<<<<

(* Let $X$ be a metric space and $1\le p\le q<\infty$. Then for every $S>0$, $\epsilon_{X;p}(S)\le \frac{q}{p}\,\epsilon_{X;q}(S)$.
   Context: For a metric space $(X,d)$ and $1\le p<\infty$, $\ell^p(X)$ is the space of $p$-summable real functions on $X$ and $\ell^p_1(X)$ its unit sphere. For a map $\xi\colon X\to\ell^p(X)$, written $x\mapsto\xi_x$, put $S(\xi)=\sup\{d(x,y):\xi_x(y)\neq0\}$ and $\varepsilon(\xi;p)=\sup_{x\ne y}\|\xi_x-\xi_y\|_p/d(x,y)$. The profile is $\epsilon_{X;p}(S)=\inf\{\varepsilon(\xi;p):\xi\colon X\to\ell^p_1(X),\ S(\xi)\le S\}$. *)

theory Defs
  imports "HOL-Analysis.Analysis"
begin

definition lp_space :: "real \<Rightarrow> ('a \<Rightarrow> real) set" where
  "lp_space p = {f. (\<lambda>y. \<bar>f y\<bar> powr p) summable_on UNIV}"

definition lp_norm :: "real \<Rightarrow> ('a \<Rightarrow> real) \<Rightarrow> real" where
  "lp_norm p f = (\<Sum>\<^sub>\<infinity>y. \<bar>f y\<bar> powr p) powr (1 / p)"

definition lp_sphere :: "real \<Rightarrow> ('a \<Rightarrow> real) set" where
  "lp_sphere p = {f \<in> lp_space p. lp_norm p f = 1}"

definition prop_size :: "('a::metric_space \<Rightarrow> 'a \<Rightarrow> real) \<Rightarrow> ereal" where
  "prop_size \<xi> = (SUP xy \<in> {(x, y). \<xi> x y \<noteq> 0}. ereal (dist (fst xy) (snd xy)))"

definition var_eps :: "('a::metric_space \<Rightarrow> 'a \<Rightarrow> real) \<Rightarrow> real \<Rightarrow> ereal" where
  "var_eps \<xi> p = (SUP xy \<in> {(x, y). x \<noteq> y}.
      ereal (lp_norm p (\<lambda>z. \<xi> (fst xy) z - \<xi> (snd xy) z) / dist (fst xy) (snd xy)))"

text \<open>The profile epsilon_{X;p}(S) (extended reals; infimum over the empty set is +\<infinity>).\<close>
definition profile :: "real \<Rightarrow> real \<Rightarrow> 'a::metric_space itself \<Rightarrow> ereal" where
  "profile p S (_ :: 'a itself) =
     (INF \<xi> \<in> {\<xi> :: 'a \<Rightarrow> 'a \<Rightarrow> real. (\<forall>x. \<xi> x \<in> lp_sphere p) \<and> prop_size \<xi> \<le> ereal S}. var_eps \<xi> p)"

end

theory Submission
  imports Defs
begin

text \<open>
  The Mazur map \<open>f \<mapsto> sgn f \<bar>f\<bar>\<^sup>q\<^sup>/\<^sup>p\<close> carries the unit sphere of \<open>\<ell>\<^sup>q\<close> onto that of
  \<open>\<ell>\<^sup>p\<close> and preserves supports, so applied to every \<open>\<xi>\<^sub>x\<close> it keeps the propagation bound
  \<open>S\<close>. It is \<open>q/p\<close>-Lipschitz between the spheres: pointwise,
  \<open>\<bar>M a - M b\<bar> \<le> (q/p) \<bar>a - b\<bar> ((\<bar>a\<bar>\<^sup>q + \<bar>b\<bar>\<^sup>q)/2)\<^sup>1\<^sup>/\<^sup>p\<^sup>-\<^sup>1\<^sup>/\<^sup>q\<close>, which
  follows by differentiating in the half-width of the interval \<open>[b, a]\<close> and using the
  power mean inequality; Hoelder's inequality with exponents \<open>q/p\<close> and \<open>q/(q-p)\<close> then sums
  this to \<open>\<parallel>M f - M g\<parallel>\<^sub>p \<le> (q/p) \<parallel>f - g\<parallel>\<^sub>q\<close>, because the averages
  \<open>(\<bar>f\<bar>\<^sup>q + \<bar>g\<bar>\<^sup>q)/2\<close> sum to 1 on the sphere.
\<close>

definition signed_powr :: "real \<Rightarrow> real \<Rightarrow> real" where
  "signed_powr r t = sgn t * \<bar>t\<bar> powr r"

lemma abs_signed_powr [simp]: "\<bar>signed_powr r t\<bar> = \<bar>t\<bar> powr r"
  by (simp add: signed_powr_def abs_mult abs_sgn_eq)

lemma signed_powr_eq_0_iff [simp]: "signed_powr r t = 0 \<longleftrightarrow> t = 0"
  by (auto simp: signed_powr_def sgn_0_0)

lemma signed_powr_nonneg: "0 \<le> t \<Longrightarrow> signed_powr r t = t powr r"
  by (cases "t = 0") (auto simp: signed_powr_def)

lemma signed_powr_nonpos: "t \<le> 0 \<Longrightarrow> signed_powr r t = - ((- t) powr r)"
  by (cases "t = 0") (auto simp: signed_powr_def)

lemma signed_powr_mono:
  assumes "0 < r" "a \<le> b"
  shows "signed_powr r a \<le> signed_powr r b"
proof -
  have "- (x powr r) \<le> y powr r" for x y
    using powr_ge_zero[of x r] powr_ge_zero[of y r] by linarith
  then show ?thesis
    using assms by (cases "0 \<le> a"; cases "0 \<le> b")
      (auto simp: signed_powr_nonneg signed_powr_nonpos intro: powr_mono2)
qed

lemma has_real_derivative_zero_if_abs_le_powr:
  assumes "1 < r" "f 0 = 0" "\<And>t. \<bar>f t\<bar> \<le> \<bar>t\<bar> powr r"
  shows "(f has_real_derivative 0) (at 0)"
  unfolding has_field_derivative_iff
proof (rule Lim_null_comparison)
  have "norm ((f t - f 0) / (t - 0)) \<le> \<bar>t\<bar> powr (r - 1)" if "t \<noteq> 0" for t
  proof -
    have "\<bar>f t\<bar> / \<bar>t\<bar> \<le> \<bar>t\<bar> powr r / \<bar>t\<bar>"
      using assms(3)[of t] by (rule divide_right_mono) simp
    then show ?thesis
      using that by (simp add: assms(2) powr_diff)
  qed
  then show "\<forall>\<^sub>F t in at 0. norm ((f t - f 0) / (t - 0)) \<le> \<bar>t\<bar> powr (r - 1)"
    by (auto simp: eventually_at_filter)
  have "((\<lambda>t. \<bar>t\<bar> powr (r - 1)) \<longlongrightarrow> \<bar>0\<bar> powr (r - 1)) (at (0::real))"
    using assms(1) by (intro tendsto_intros) auto
  then show "((\<lambda>t. \<bar>t\<bar> powr (r - 1)) \<longlongrightarrow> 0) (at 0)" by simp
qed

lemma DERIV_signed_powr:
  assumes "1 < r"
  shows "(signed_powr r has_real_derivative r * \<bar>t\<bar> powr (r - 1)) (at t)"
proof -
  consider "0 < t" | "t < 0" | "t = 0" by linarith
  then show ?thesis
  proof cases
    case 1
    have "((\<lambda>x. x powr r) has_real_derivative r * \<bar>t\<bar> powr (r - 1)) (at t)"
      using 1 by (auto intro!: derivative_eq_intros)
    then show ?thesis
      by (rule has_field_derivative_transform_within_open[where S = "{0<..}"])
        (use 1 in \<open>auto simp: signed_powr_nonneg\<close>)
  next
    case 2
    have "((\<lambda>x. - ((- x) powr r)) has_real_derivative r * \<bar>t\<bar> powr (r - 1)) (at t)"
      using 2 by (auto intro!: derivative_eq_intros)
    then show ?thesis
      by (rule has_field_derivative_transform_within_open[where S = "{..<0}"])
        (use 2 in \<open>auto simp: signed_powr_nonpos\<close>)
  next
    case 3
    have "(signed_powr r has_real_derivative 0) (at 0)"
      by (rule has_real_derivative_zero_if_abs_le_powr[OF assms]) (simp_all add: signed_powr_def abs_mult)
    then show ?thesis
      using 3 assms by simp
  qed
qed

lemma DERIV_abs_powr:
  assumes "1 < q"
  shows "((\<lambda>x. \<bar>x\<bar> powr q) has_real_derivative q * signed_powr (q - 1) t) (at t)"
proof -
  consider "0 < t" | "t < 0" | "t = 0" by linarith
  then show ?thesis
  proof cases
    case 1
    have "((\<lambda>x. x powr q) has_real_derivative q * signed_powr (q - 1) t) (at t)"
      using 1 by (auto intro!: derivative_eq_intros simp: signed_powr_nonneg)
    then show ?thesis
      by (rule has_field_derivative_transform_within_open[where S = "{0<..}"])
        (use 1 in \<open>auto simp: signed_powr_nonneg\<close>)
  next
    case 2
    have "((\<lambda>x. (- x) powr q) has_real_derivative q * signed_powr (q - 1) t) (at t)"
      using 2 by (auto intro!: derivative_eq_intros simp: signed_powr_nonpos)
    then show ?thesis
      by (rule has_field_derivative_transform_within_open[where S = "{..<0}"])
        (use 2 in \<open>auto simp: signed_powr_nonpos\<close>)
  next
    case 3
    have "((\<lambda>x. \<bar>x\<bar> powr q) has_real_derivative 0) (at 0)"
      by (rule has_real_derivative_zero_if_abs_le_powr[OF assms]) simp_all
    then show ?thesis
      using 3 by (simp add: signed_powr_def)
  qed
qed

lemma Youngs_inequality_nonneg:
  fixes a b \<alpha> \<beta> :: real
  assumes "0 \<le> a" "0 \<le> b" "0 \<le> \<alpha>" "0 \<le> \<beta>" "\<alpha> + \<beta> = 1"
  shows "a powr \<alpha> * b powr \<beta> \<le> \<alpha> * a + \<beta> * b"
proof (cases "a = 0 \<or> b = 0")
  case True
  then show ?thesis using assms by auto
next
  case False
  then show ?thesis using assms by (intro Youngs_inequality_0) auto
qed

lemma power_mean_le:
  fixes x y s q :: real
  assumes "0 \<le> x" "0 \<le> y" "0 < s" "s \<le> q"
  shows "(x powr s + y powr s) / 2 \<le> ((x powr q + y powr q) / 2) powr (s / q)"
proof (cases "x powr q + y powr q = 0")
  case True
  then have "x = 0" "y = 0"
    using assms by (simp_all add: add_nonneg_eq_0_iff)
  then show ?thesis by simp
next
  case False
  define w where "w = (x powr q + y powr q) / 2"
  define \<theta> where "\<theta> = s / q"
  have w: "0 < w" using False by (simp add: w_def add_nonneg_nonneg order_le_neq_trans)
  have q: "0 < q" using assms by linarith
  have young: "(z powr q / w) powr \<theta> \<le> \<theta> * (z powr q / w) + (1 - \<theta>)" if "0 \<le> z" for z
    using Youngs_inequality_nonneg[of "z powr q / w" 1 \<theta> "1 - \<theta>"] w assms that q
    by (simp add: \<theta>_def)
  have split: "z powr s = w powr \<theta> * (z powr q / w) powr \<theta>" if "0 \<le> z" for z
    using w q that by (simp add: powr_divide powr_powr \<theta>_def)
  have "x powr s + y powr s = w powr \<theta> * ((x powr q / w) powr \<theta> + (y powr q / w) powr \<theta>)"
    using split assms by (simp add: distrib_left)
  also have "\<dots> \<le> w powr \<theta> * (\<theta> * (x powr q / w) + (1 - \<theta>) + (\<theta> * (y powr q / w) + (1 - \<theta>)))"
    using young[of x] young[of y] assms by (intro mult_left_mono add_mono) auto
  also have "\<dots> = w powr \<theta> * (\<theta> * ((x powr q + y powr q) / w) + 2 * (1 - \<theta>))"
    by (simp add: algebra_simps add_divide_distrib)
  also have "(x powr q + y powr q) / w = 2"
    using w by (simp add: w_def nonzero_divide_eq_eq)
  finally show ?thesis
    by (simp add: w_def \<theta>_def)
qed

lemma abs_powr_sum_mono:
  fixes m h H q :: real
  assumes "1 < q" "0 \<le> h" "h \<le> H"
  shows "\<bar>m + h\<bar> powr q + \<bar>m - h\<bar> powr q \<le> \<bar>m + H\<bar> powr q + \<bar>m - H\<bar> powr q"
proof (rule DERIV_nonneg_imp_nondecreasing[OF assms(3)])
  fix u assume "h \<le> u" "u \<le> H"
  have "((\<lambda>u. \<bar>m + u\<bar> powr q) has_real_derivative q * signed_powr (q - 1) (m + u) * 1) (at u)"
    by (rule DERIV_chain2[OF DERIV_abs_powr[OF assms(1)]]) (auto intro!: derivative_eq_intros)
  moreover have "((\<lambda>u. \<bar>m - u\<bar> powr q) has_real_derivative q * signed_powr (q - 1) (m - u) * -1) (at u)"
    by (rule DERIV_chain2[OF DERIV_abs_powr[OF assms(1)]]) (auto intro!: derivative_eq_intros)
  ultimately have "((\<lambda>u. \<bar>m + u\<bar> powr q + \<bar>m - u\<bar> powr q) has_real_derivative
      q * signed_powr (q - 1) (m + u) * 1 + q * signed_powr (q - 1) (m - u) * -1) (at u)"
    by (rule DERIV_add)
  moreover have "signed_powr (q - 1) (m - u) \<le> signed_powr (q - 1) (m + u)"
    using assms \<open>h \<le> u\<close> by (intro signed_powr_mono) auto
  then have "0 \<le> q * signed_powr (q - 1) (m + u) * 1 + q * signed_powr (q - 1) (m - u) * -1"
    using assms(1) by (simp flip: right_diff_distrib)
  ultimately show "\<exists>D. ((\<lambda>u. \<bar>m + u\<bar> powr q + \<bar>m - u\<bar> powr q) has_real_derivative D) (at u) \<and> 0 \<le> D"
    by blast
qed

lemma abs_powr_sum_le_power_mean:
  fixes m h H r q :: real
  assumes "1 < r" "1 < q" "r - 1 \<le> q" "0 \<le> h" "h \<le> H"
  shows "\<bar>m + h\<bar> powr (r - 1) + \<bar>m - h\<bar> powr (r - 1)
    \<le> 2 * ((\<bar>m + H\<bar> powr q + \<bar>m - H\<bar> powr q) / 2) powr ((r - 1) / q)"
proof -
  have "(\<bar>m + h\<bar> powr (r - 1) + \<bar>m - h\<bar> powr (r - 1)) / 2
      \<le> ((\<bar>m + h\<bar> powr q + \<bar>m - h\<bar> powr q) / 2) powr ((r - 1) / q)"
    using assms by (intro power_mean_le) auto
  also have "\<dots> \<le> ((\<bar>m + H\<bar> powr q + \<bar>m - H\<bar> powr q) / 2) powr ((r - 1) / q)"
    using assms by (intro powr_mono2 divide_right_mono abs_powr_sum_mono) auto
  finally show ?thesis
    by simp
qed

lemma signed_powr_symmetric_diff_le:
  fixes m H r q :: real
  assumes "1 < r" "1 < q" "r - 1 \<le> q" "0 \<le> H"
  shows "signed_powr r (m + H) - signed_powr r (m - H)
    \<le> 2 * r * H * ((\<bar>m + H\<bar> powr q + \<bar>m - H\<bar> powr q) / 2) powr ((r - 1) / q)"
proof -
  define M where "M = ((\<bar>m + H\<bar> powr q + \<bar>m - H\<bar> powr q) / 2) powr ((r - 1) / q)"
  let ?K = "\<lambda>h. 2 * r * h * M - (signed_powr r (m + h) - signed_powr r (m - h))"
  have "?K 0 \<le> ?K H"
  proof (rule DERIV_nonneg_imp_nondecreasing[OF \<open>0 \<le> H\<close>])
    fix h assume "0 \<le> h" "h \<le> H"
    have "((\<lambda>h. signed_powr r (m + h)) has_real_derivative r * \<bar>m + h\<bar> powr (r - 1) * 1) (at h)"
      by (rule DERIV_chain2[OF DERIV_signed_powr[OF assms(1)]]) (auto intro!: derivative_eq_intros)
    moreover have "((\<lambda>h. signed_powr r (m - h)) has_real_derivative r * \<bar>m - h\<bar> powr (r - 1) * -1) (at h)"
      by (rule DERIV_chain2[OF DERIV_signed_powr[OF assms(1)]]) (auto intro!: derivative_eq_intros)
    ultimately have "(?K has_real_derivative
        2 * r * M - (r * \<bar>m + h\<bar> powr (r - 1) * 1 - r * \<bar>m - h\<bar> powr (r - 1) * -1)) (at h)"
      by (auto intro!: derivative_eq_intros)
    moreover have "\<bar>m + h\<bar> powr (r - 1) + \<bar>m - h\<bar> powr (r - 1) \<le> 2 * M"
      unfolding M_def using assms(1-3) \<open>0 \<le> h\<close> \<open>h \<le> H\<close> by (rule abs_powr_sum_le_power_mean)
    then have "0 \<le> 2 * r * M - (r * \<bar>m + h\<bar> powr (r - 1) * 1 - r * \<bar>m - h\<bar> powr (r - 1) * -1)"
      using assms(1) by (simp flip: distrib_left)
    ultimately show "\<exists>D. (?K has_real_derivative D) (at h) \<and> 0 \<le> D"
      by blast
  qed
  then show ?thesis
    by (simp add: M_def)
qed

>>>>

Search the records for the string "longlongrightarrow" and report each line that has it.

◆ **ANSWER SECTION**:
  have "((\<lambda>t. \<bar>t\<bar> powr (r - 1)) \<longlongrightarrow> \<bar>0\<bar> powr (r - 1)) (at (0::real))"
  then show "((\<lambda>t. \<bar>t\<bar> powr (r - 1)) \<longlongrightarrow> 0) (at 0)" by simp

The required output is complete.